How to compare and complement the missing gene and feature in gff3 file base on available gff3 reference ?

0

Entering edit mode

5 months ago

Sony ▴ 20

Hi everyone,

I am doing annotation for rice pangenome. The pangenome was created based on an iterative mapping and assembly approach. The pangenome including IRGSP-1.0 as the base reference, and unmapped assembled sequences from other rice accessions was concatenated to the base reference to get the entire pangenome.
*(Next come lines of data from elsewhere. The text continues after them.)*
(* Assume that for every $k=2,\dots,t$ the matrix $U^{(k)}$ is nonsingular. Then for every $k=1,\dots,t$ and every $j$ with $0\le j<\deg P^{(k)}_2$, $$\tilde S_{k,j}(F,G)=(\hat R_{k-1}\hat B_{k-1})^{J_{k,j}}\,\hat B_{k,j}\,\hat S_{k,j}(F,G).$$
   Context: Let $K$ be a field of characteristic zero; $|M|$ denotes the determinant of a square matrix $M$; $\deg$ denotes degree. Subresultant matrices. Let $A=a_px^p+\dots+a_0$, $B=b_qx^q+\dots+b_0$ over $K$ regarded with formal degrees $p\ge q>0$. For $0\le j<q$, $N^{(j)}(A,B)$ is the $(p+q-j)\times(p+q-2j)$ matrix whose $c$-th column ($c=1,\dots,q-j$) has $a_p,\dots,a_0$ in rows $c,\dots,c+p$ and zeros elsewhere, and whose $(q-j+c)$-th column ($c=1,\dots,p-j$) has $b_q,\dots,b_0$ in rows $c,\dots,c+q$ and zeros elsewhere. PRS. For nonzero $A,B\in K[x]$, $\deg A>\deg B$, a PRS is $(P_1,\dots,P_l)$, nonzero polynomials, $P_1=A$, $P_2=B$, $\deg P_{i-1}>\deg P_i$, $\alpha_iP_{i-2}=q_{i-1}P_{i-1}+\beta_iP_i$ ($i=3,\dots,l$) with $\alpha_i,\beta_i\in K\setminus\{0\}$, $q_{i-1}\in K[x]$, and $P_l=\gamma\gcd(A,B)$, $0\ne\gamma\in K$. Recursive PRS. $F=f_mx^m+\dots+f_0$, $G=g_nx^n+\dots+g_0\in K[x]$, $f_mg_n\ne0$, $m>n>0$. A complete recursive PRS consists of PRSs $(P^{(k)}_1,\dots,P^{(k)}_{l_k})$, $k=1,\dots,t$, $P^{(1)}_1=F$, $P^{(1)}_2=G$, for $k\ge2$ $P^{(k)}_1=P^{(k-1)}_{l_{k-1}}$, $P^{(k)}_2=\frac d{dx}P^{(k)}_1$; $P^{(k)}_{l_k}$ non-constant for $k<t$, $P^{(t)}_{l_t}$ constant. Assume $l_k\ge3$ for $k<t$. Notation: $n^{(k)}_i=\deg P^{(k)}_i$, $j_0=m$, $j_k=n^{(k)}_{l_k}$ (so $n^{(k)}_1=j_{k-1}$, $n^{(k)}_2=j_{k-1}-1$ for $k\ge2$). Nested subresultants ($0\le j<n^{(k)}_2$): $\tilde N^{(1,j)}=N^{(j)}(F,G)$; for $k\ge2$, $\tilde N^{(k,j)}=N^{(j)}\big(\tilde S_{k-1,j_{k-1}}(F,G),\frac d{dx}\tilde S_{k-1,j_{k-1}}(F,G)\big)$ with formal degrees $j_{k-1}$, $j_{k-1}-1$; $\tilde N^{(k,j)}_\tau$ ($\tau=0,\dots,j$) is formed by the top $n^{(k)}_1+n^{(k)}_2-2j-1$ rows and the $(n^{(k)}_1+n^{(k)}_2-j-\tau)$-th row of $\tilde N^{(k,j)}$, and $\tilde S_{k,j}(F,G)=\sum_{\tau=0}^j|\tilde N^{(k,j)}_\tau|x^\tau$. Reduced nested subresultants ($0\le j<n^{(k)}_2$). Set $J_{1,j}=m+n-2j$ and, for $k\ge2$, $I_{k,j}=2j_{k-1}-j-1$, $J_{k,j}=2j_{k-1}-2j-1$. $\hat N^{(1,j)}=N^{(j)}(F,G)$. For $k\ge2$, let $\hat N=\hat N^{(k-1,j_{k-1})}$ with $J'$ columns; let $\hat N_U$ be $\hat N$ with its bottom $j_{k-1}+1$ rows deleted, written $\hat N_U=(U^{(k)}\mid\mathbf v^{(k)})$ with $U^{(k)}$ square and $\mathbf v^{(k)}$ a column, and let $\hat N_L$ be the bottom $j_{k-1}+1$ rows of $\hat N$, with rows $\boldsymbol\rho_1,\dots,\boldsymbol\rho_{j_{k-1}+1}$. For $\tau=0,\dots,j_{k-1}$, $\hat A_\tau=|\hat N_\tau|$ where $\hat N_\tau$ is $\hat N_U$ with $\boldsymbol\rho_{j_{k-1}-\tau+1}$ appended as last row; $\hat A(x)=\sum_\tau\hat A_\tau x^\tau$, and $H^{(k,j)}=N^{(j)}(\hat A(x),\frac d{dx}\hat A(x))$ with formal degrees $j_{k-1}$, $j_{k-1}-1$ (size $I_{k,j}\times J_{k,j}$). For each position $(p,q)$ define a row vector $\mathbf w_{p,q}$ of length $J'$: if $q\le j_{k-1}-1-j$ and $0\le p-q\le j_{k-1}$, $\mathbf w_{p,q}=\boldsymbol\rho_{p-q+1}$; if $q=j_{k-1}-1-j+q'$ with $1\le q'\le j_{k-1}-j$ and $0\le p-q'\le j_{k-1}-1$, $\mathbf w_{p,q}=(j_{k-1}-p+q')\boldsymbol\rho_{p-q'+1}$; otherwise $\mathbf w_{p,q}=\mathbf 0$ (so the $(p,q)$ entry of $H^{(k,j)}$ equals the determinant of $\hat N_U$ with $\mathbf w_{p,q}$ appended, or $0$). Write $\mathbf w_{p,q}=(\mathbf b_{p,q}\mid g_{p,q})$, $g_{p,q}$ its last entry; with $U^{(k)}$ nonsingular let $\mathbf x_{p,q}U^{(k)}=-\mathbf b_{p,q}$ and $h^{(k,j)}_{p,q}=g_{p,q}+\mathbf x_{p,q}\mathbf v^{(k)}$. Then $\hat N^{(k,j)}=(h^{(k,j)}_{p,q})_{p\le I_{k,j},\,q\le J_{k,j}}$. For $\tau=0,\dots,j$, $\hat N^{(k,j)}_\tau$ is formed by the top $n^{(k)}_1+n^{(k)}_2-2j-1$ rows and the $(n^{(k)}_1+n^{(k)}_2-j-\tau)$-th row of $\hat N^{(k,j)}$, and $\hat S_{k,j}(F,G)=\sum_{\tau=0}^j|\hat N^{(k,j)}_\tau|x^\tau$. Constants. $\hat B_{1,j}=1$ and $\hat B_{k,j}=|U^{(k)}|^{J_{k,j}}$ for $k\ge2$; $\hat B_0=\hat B_1=1$, $\hat B_k=\hat B_{k,j_k}$ for $k\ge2$; $\hat R_0=\hat R_1=1$, $\hat R_k=(\hat R_{k-1}\hat B_{k-1})^{J_{k,j_k}}$ for $k\ge2$. *)

theory Defs
  imports "HOL-Computational_Algebra.Polynomial"
          "HOL-Computational_Algebra.Polynomial_Factorial"
          "Jordan_Normal_Form.Determinant"
begin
Then I conduct gene prediction and annotation following the MAKER annotation pipeline. First, I constructed a repeat library for my pangenome (RepeatModeler). For ESTs: I used cDNA data set and protein evidence (entire plant Swissprot protein) in fasta. Then, I run the first round of MAKER with the EST evidence and repeat the library. Then, I kept only genes with AED<0.5 in the gfff3 file. Then, these genes were used to train SNAP. For Augustus training, I used the embryophyta_odb10 database from BUSCO. Finally, I run the second round of the MAKER pipeline with gff3 from round1, snap.hmm and Augustus parameter for running round2. The output file from round 2. But the maker only predicts for me 20,160 genes. Compared to the Nipponbare IRGSP 1.0 from RAP-DB, it has 37,861 genes.

I know maybe something should be optimised for MAKER in this pangenome. However, I spent too much time on this annotation step. Since my pangenome has entire IRGSP1.0 sequences. I want to improve the annotation of "base reference in my pangenome =IRGSP1.0" by comparing 2 gff3 file ( one is downloaded of IRGSP 1.0 gff form RAP-DB, one is produced by MAKER), extract the missing genes and its features, along with its position and add it to my pangenome gff.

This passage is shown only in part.